Cups awaiting guest for a tea party.

These are the strangest of times. It hit me last night, as I was knitting Easter eggs, right now we don't know what we can look forward to? Pulling up my March/April calendar I found myself deleting event after event. 

The change began two weeks ago as our only winter getaway was cancelled.  This Sunday was supposed to be my husband's ordination and the house was to be filled with family and friends.   The long awaited wedding of the daughter of a life long friend....cancelled because no more than ten can gather. Birthday parties, sporting events, graduations, grandparents' day at schools, church and maybe even Easter Sunday service, celebrations of births and even farewells at funerals will not be held.

No one knows when dates can once again be put on our calendars.

God's Word tells us that no one, but the Father, knows when Jesus will return, but it's a given. We can definitely look forward to that day and in the mean time we need not grow anxious, but trust in the Lord and his plan.

Heaven and earth will pass away, but my words will not pass away. “But concerning that day and hour no one knows, not even the angels of heaven, nor the Son, but the Father only. For as were the days of Noah, so will be the coming of the Son of Man." 
Matthew 24:35-37

A reader just emailed with a great question. what does Jesus mean that "heaven and earth will pass away"?  She wrote, "I thought believers were going to heaven?"

Here is a Biblically based answer from GotQuestions.org.
Answer: The Bible consistently warns us that this world will not last forever. “Heaven and earth will pass away,” Jesus said in Matthew 24:35. His statement was in the context of end times’ prophecies and the eternal nature of Jesus’ words: “My words will never pass away.” This means that trusting Jesus is wiser than trusting anything in this world.

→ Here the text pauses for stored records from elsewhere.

(* Let $\Gamma$ be a metrized graph, and for each edge $e_i\in E(\Gamma)$ let $p_i,q_i$ be its end points. For any $p \in V(\Gamma)$, $$\sum_{e_i \in E(\Gamma)}\frac{L_i(R_{a_i,p}-R_{b_i,p})^2}{(L_i+R_i)^2} =\sum_{e_i \in E(\Gamma)}\frac{L_i}{L_i + R_i}\big(r(p_i,p)+r(q_i,p)\big) - \sum_{q \in V(\Gamma)}(\mathrm{val}(q)-2)\,r(p,q) = 2\sum_{q \in V(\Gamma)}r(p,q) -\sum_{e_i \in E(\Gamma)}\frac{R_i}{L_i + R_i} \big(r(p_i,p)+r(q_i,p)\big).$$
   Context: A metrized graph $\Gamma$ is a finite connected graph (multiple edges and self-loops allowed) each of whose edges is identified with a closed segment of positive length, with a finite nonempty vertex set $V(\Gamma)$ containing every point of valence $\neq2$; $\mathrm{val}(q)$ is the valence of $q$ (number of directions emanating from $q$); $L_i$ is the length of $e_i$; $r$ is the effective resistance (edges as resistors of resistance equal to length). For an edge $e_i$: if $\Gamma-e_i$ (interior deleted) is connected, $R_i$ is the effective resistance between $p_i,q_i$ in $\Gamma-e_i$, $R_{a_i,p}=\hat j_{p_i}(p,q_i)$, $R_{b_i,p}=\hat j_{q_i}(p,p_i)$ with $\hat j_z(x,y)$ the voltage function of $\Gamma-e_i$ (potential at $x$ when unit current enters at $y$ and exits at $z$, potential $0$ at $z$); if $e_i$ is a bridge, $R_{a_i,p}=0,R_{b_i,p}=R_i$ for $p$ in the component of $\Gamma-e_i$ containing $p_i$ and $R_{a_i,p}=R_i,R_{b_i,p}=0$ otherwise, with every expression in $R_i$ interpreted as its limit as $R_i\to\infty$; for a self-loop $R_i=0$. *)

theory Defs
  imports Complex_Main
begin
text \<open>The exponent \<open>\<alpha>'\<close> lies strictly between \<open>\<alpha>\<close> and \<open>1 - \<beta>\<close>; it is chosen so that
  \<open>(\<alpha>' - \<alpha>) / (1 - \<alpha>' - \<beta>) = \<alpha> + \<beta>\<close>, which makes the exponent of \<open>T\<close> equal to \<open>1 + \<alpha> + \<beta>\<close>.\<close>

definition abel_gronwall_constant :: "real \<Rightarrow> real \<Rightarrow> real" where
  "abel_gronwall_constant \<alpha> \<beta> =
    (let \<alpha>' = \<alpha> + (1-\<alpha>-\<beta>)*(\<alpha>+\<beta>)/(1+\<alpha>+\<beta>) in (4/(1-\<alpha>') + 4/\<alpha>') powr ((1+\<alpha>+\<beta>)/(1-\<alpha>-\<beta>)))"

lemma abel_gronwall_rate:
  fixes \<alpha> \<beta> b T :: real
  assumes \<alpha>: "0 \<le> \<alpha>" and \<beta>: "0 \<le> \<beta>" and s: "0 < \<alpha> + \<beta>" "\<alpha> + \<beta> < 1"
    and b: "0 < b" and T: "0 < T"
  obtains \<alpha>' l where "\<alpha> \<le> \<alpha>'" "0 < \<alpha>'" "\<alpha>' + \<beta> < 1" "0 < l"
    "b * (T powr (\<alpha>'-\<alpha>) * (2/(1-\<alpha>') + 2/\<alpha>') * l powr (-(1-\<alpha>'-\<beta>))) = 1/2"
    "l * T = abel_gronwall_constant \<alpha> \<beta> * b powr ((1+\<alpha>+\<beta>)/(1-\<alpha>-\<beta>)) * T powr (1+\<alpha>+\<beta>)"
proof -
  define e where "e = (1-\<alpha>-\<beta>)*(\<alpha>+\<beta>)/(1+\<alpha>+\<beta>)"
  define \<alpha>' where "\<alpha>' = \<alpha> + e"
  define g where "g = 1 - \<alpha>' - \<beta>"
  define A where "A = 2/(1-\<alpha>') + 2/\<alpha>'"
  define l where "l = (2*b*T powr e*A) powr (1/g)"
  have "(\<alpha>+\<beta>)/(1+\<alpha>+\<beta>) < 1"
    using s by simp
  from mult_strict_left_mono[OF this, of "1-\<alpha>-\<beta>"]
  have e: "0 < e" "e < 1 - \<alpha> - \<beta>"
    using s by (auto simp: e_def)
  have \<alpha>': "\<alpha> \<le> \<alpha>'" "0 < \<alpha>'" "\<alpha>' + \<beta> < 1"
    using e \<alpha> by (auto simp: \<alpha>'_def)
  have g: "g = (1-\<alpha>-\<beta>)/(1+\<alpha>+\<beta>)" "0 < g"
    using s \<alpha>' by (auto simp: g_def \<alpha>'_def e_def field_simps)
  have "0 < A"
    using \<alpha>' \<beta> unfolding A_def by (intro add_pos_pos divide_pos_pos) auto
  then have "0 < l"
    using b T unfolding l_def by simp
  have "b * (T powr (\<alpha>'-\<alpha>) * A * l powr (-g)) = 1/2"
  proof -
    have "l powr (-g) = (2*b*T powr e*A) powr (-1)"
      unfolding l_def using g(2) by (simp add: powr_powr)
    also have "\<dots> = 1 / (2*b*T powr e*A)"
      using \<open>0 < A\<close> b T by (simp add: powr_neg_one)
    finally show ?thesis
      using \<open>0 < A\<close> b T by (simp add: \<alpha>'_def field_simps)
  qed
  moreover have "l * T = abel_gronwall_constant \<alpha> \<beta> * b powr ((1+\<alpha>+\<beta>)/(1-\<alpha>-\<beta>)) * T powr (1+\<alpha>+\<beta>)"
  proof -
    have "e = g * (\<alpha> + \<beta>)"
      unfolding e_def g(1) by simp
    then have "e * (1/g) + 1 = 1 + \<alpha> + \<beta>"
      using g(2) by simp
    then have "l * T = (2*A) powr (1/g) * b powr (1/g) * T powr (1 + \<alpha> + \<beta>)"
      using b T \<open>0 < A\<close> by (simp add: l_def powr_mult powr_powr powr_add mult_ac)
    then show ?thesis
      using g by (simp add: abel_gronwall_constant_def A_def \<alpha>'_def e_def Let_def)
  qed
  ultimately show ?thesis
    using that[of \<alpha>' l] \<alpha>' \<open>0 < l\<close> unfolding A_def g_def by blast
qed
lemma K_closed [simp]:
  "k \<in> K \<Longrightarrow> l \<in> K \<Longrightarrow> k \<otimes> l \<in> K" "k \<in> K \<Longrightarrow> inv k \<in> K" "\<one> \<in> K"
  using K_subgroup by (simp_all add: subgroup.m_closed subgroup.m_inv_closed subgroup.one_closed)

lemma A_closed [simp]:
  "a \<in> A \<Longrightarrow> b \<in> A \<Longrightarrow> a \<otimes> b \<in> A" "a \<in> A \<Longrightarrow> inv a \<in> A" "\<one> \<in> A"
  using A_subgroup by (simp_all add: subgroup.m_closed subgroup.m_inv_closed subgroup.one_closed)

lemma K_commute: "\<lbrakk>k \<in> K; l \<in> K\<rbrakk> \<Longrightarrow> k \<otimes> l = l \<otimes> k"
  by (simp add: K_central)

lemma K_left_commute: "\<lbrakk>k \<in> K; l \<in> K; x \<in> carrier G\<rbrakk> \<Longrightarrow> k \<otimes> (l \<otimes> x) = l \<otimes> (k \<otimes> x)"
  by (metis K_carrier K_central m_assoc)

text \<open>AC rules restricted to factors in K: they normalise products of central elements without
  permuting non-central ones.\<close>

lemmas K_ac = m_assoc K_commute K_left_commute

lemma inv_cancel_left [simp]:
  "\<lbrakk>x \<in> carrier G; y \<in> carrier G\<rbrakk> \<Longrightarrow> x \<otimes> (inv x \<otimes> y) = y"
  "\<lbrakk>x \<in> carrier G; y \<in> carrier G\<rbrakk> \<Longrightarrow> inv x \<otimes> (x \<otimes> y) = y"
  by (simp_all add: m_assoc[symmetric])
text \<open>The overlap i is determined by the word: it is fixed by the leftmost embedding.\<close>

lemma overlap_pieces_disjoint:
  assumes "i \<in> {1..length u}" "i' \<in> {1..length u}" "i \<noteq> i'"
  shows "word_prod (S_overlap u i) (dominating (drop i u)) \<inter>
         word_prod (S_overlap u i') (dominating (drop i' u)) = {}"
proof (rule ccontr)
  assume "\<not> ?thesis"
  then obtain p r p' r' where p: "p \<in> S_overlap u i" "r \<in> dominating (drop i u)"
    and p': "p' \<in> S_overlap u i'" "r' \<in> dominating (drop i' u)" and eq: "p @ r = p' @ r'"
    by (force simp: word_prod_def)
  have pS: "p \<in> Sset u" "p' \<in> Sset u" using p p' by (auto simp: S_overlap_def)
  have "length p - length u = length p' - length u"
    using Sset_leftmost_embedding[OF pS(1), of r] Sset_leftmost_embedding[OF pS(2), of r'] eq
    by simp
  then have "length p = length p'" using Sset_length[OF pS(1)] Sset_length[OF pS(2)] by simp
  moreover have "length r = length u - i" "length r' = length u - i'"
    using p p' by (auto simp: dominating_def)
  moreover have "length (p @ r) = length (p' @ r')" using eq by simp
  ultimately show False using assms by auto
qed


section \<open>The weight-shifting bijection between S(u) and its overlap subsets\<close>

text \<open>The key property of increasing/decreasing words: if u_q < u_j with j < q, then q
  lies in the weakly decreasing part, so every later letter is at most u_q.\<close>

lemma inc_dec_descent:
  assumes "inc_dec_fact u" "j < q" "q \<le> r" "r < length u" "u!q < u!j"
  shows "u!r \<le> u!q"
proof -
  from assms(1) consider "sorted u" | k where "1 \<le> k" "k < length u" "sorted (take k u)"
      "sorted_wrt (\<ge>) (drop k u)"
    unfolding inc_dec_fact_def by blast
  then show ?thesis
  proof cases
    case 1
    then have "u!j \<le> u!q" using assms by (simp add: sorted_nth_mono)
    then show ?thesis using assms by simp
  next
    case 2
    show ?thesis
    proof (cases "q < k")
      case True
      then have "take k u ! j \<le> take k u ! q"
        using 2 assms by (intro sorted_nth_mono) auto
      then show ?thesis using True assms by simp
    next
      case False
      show ?thesis
      proof (cases "q = r")
        case False
        have "drop k u ! (q - k) \<ge> drop k u ! (r - k)"
          using 2 assms \<open>\<not> q < k\<close> False by (intro sorted_wrt_nth_less[where P="(\<ge>)", OF 2(4)]) auto
        then show ?thesis using \<open>\<not> q < k\<close> assms by simp
      qed simp
    qed
  qed
qed

text \<open>The amount by which letter k of a word of length m is raised: position k = m-i+j
  (j < i) is raised from the letter u_{n-i+j} it is guaranteed to dominate up to u_j.\<close>

definition raise :: "nat list \<Rightarrow> nat \<Rightarrow> nat \<Rightarrow> nat \<Rightarrow> nat" where
  "raise u i m k = (if m - i \<le> k then u!(k-(m-i)) - u!(k-(m-length u)) else 0)"

definition lift :: "nat list \<Rightarrow> nat \<Rightarrow> nat list \<Rightarrow> nat list" where
  "lift u i p = map (\<lambda>k. p!k + raise u i (length p) k) [0..<length p]"

definition unlift :: "nat list \<Rightarrow> nat \<Rightarrow> nat list \<Rightarrow> nat list" where
  "unlift u i p = map (\<lambda>k. p!k - raise u i (length p) k) [0..<length p]"

text \<open>The total weight added by lifting: d_i(u) in 0-indexed form.\<close>

definition dsum :: "nat list \<Rightarrow> nat \<Rightarrow> nat" where
  "dsum u i = (\<Sum>j<i. u!j - u!(length u - i + j))"

lemma lift_length [simp]: "length (lift u i p) = length p"
  by (simp add: lift_def)

lemma unlift_length [simp]: "length (unlift u i p) = length p"
  by (simp add: unlift_def)

lemma lift_nth: "k < length p \<Longrightarrow> lift u i p ! k = p!k + raise u i (length p) k"
  by (simp add: lift_def)

lemma unlift_nth: "k < length p \<Longrightarrow> unlift u i p ! k = p!k - raise u i (length p) k"
  by (simp add: unlift_def)

lemma unlift_lift: "unlift u i (lift u i p) = p"
  by (rule nth_equalityI) (auto simp: unlift_nth lift_nth)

Jesus also refers to the passing away of heaven and earth in Matthew 5:18. In Revelation 21:1, John writes of a new heaven and a new earth in the eternal state, having seen that “the first heaven and the first earth had passed away” (cf. Isaiah 65:17 and 2 Peter 3:13). To “pass away” is to disappear or be no more. This refers to the physical heaven and earth—the material world and all it contains—but not to the spirits/souls of the inhabitants of those places. Scripture is clear that people will outlast the current material universe, some in a state of eternal bliss and some in a state of eternal misery, and that the current universe will be replaced by another that will never know the contamination of sin.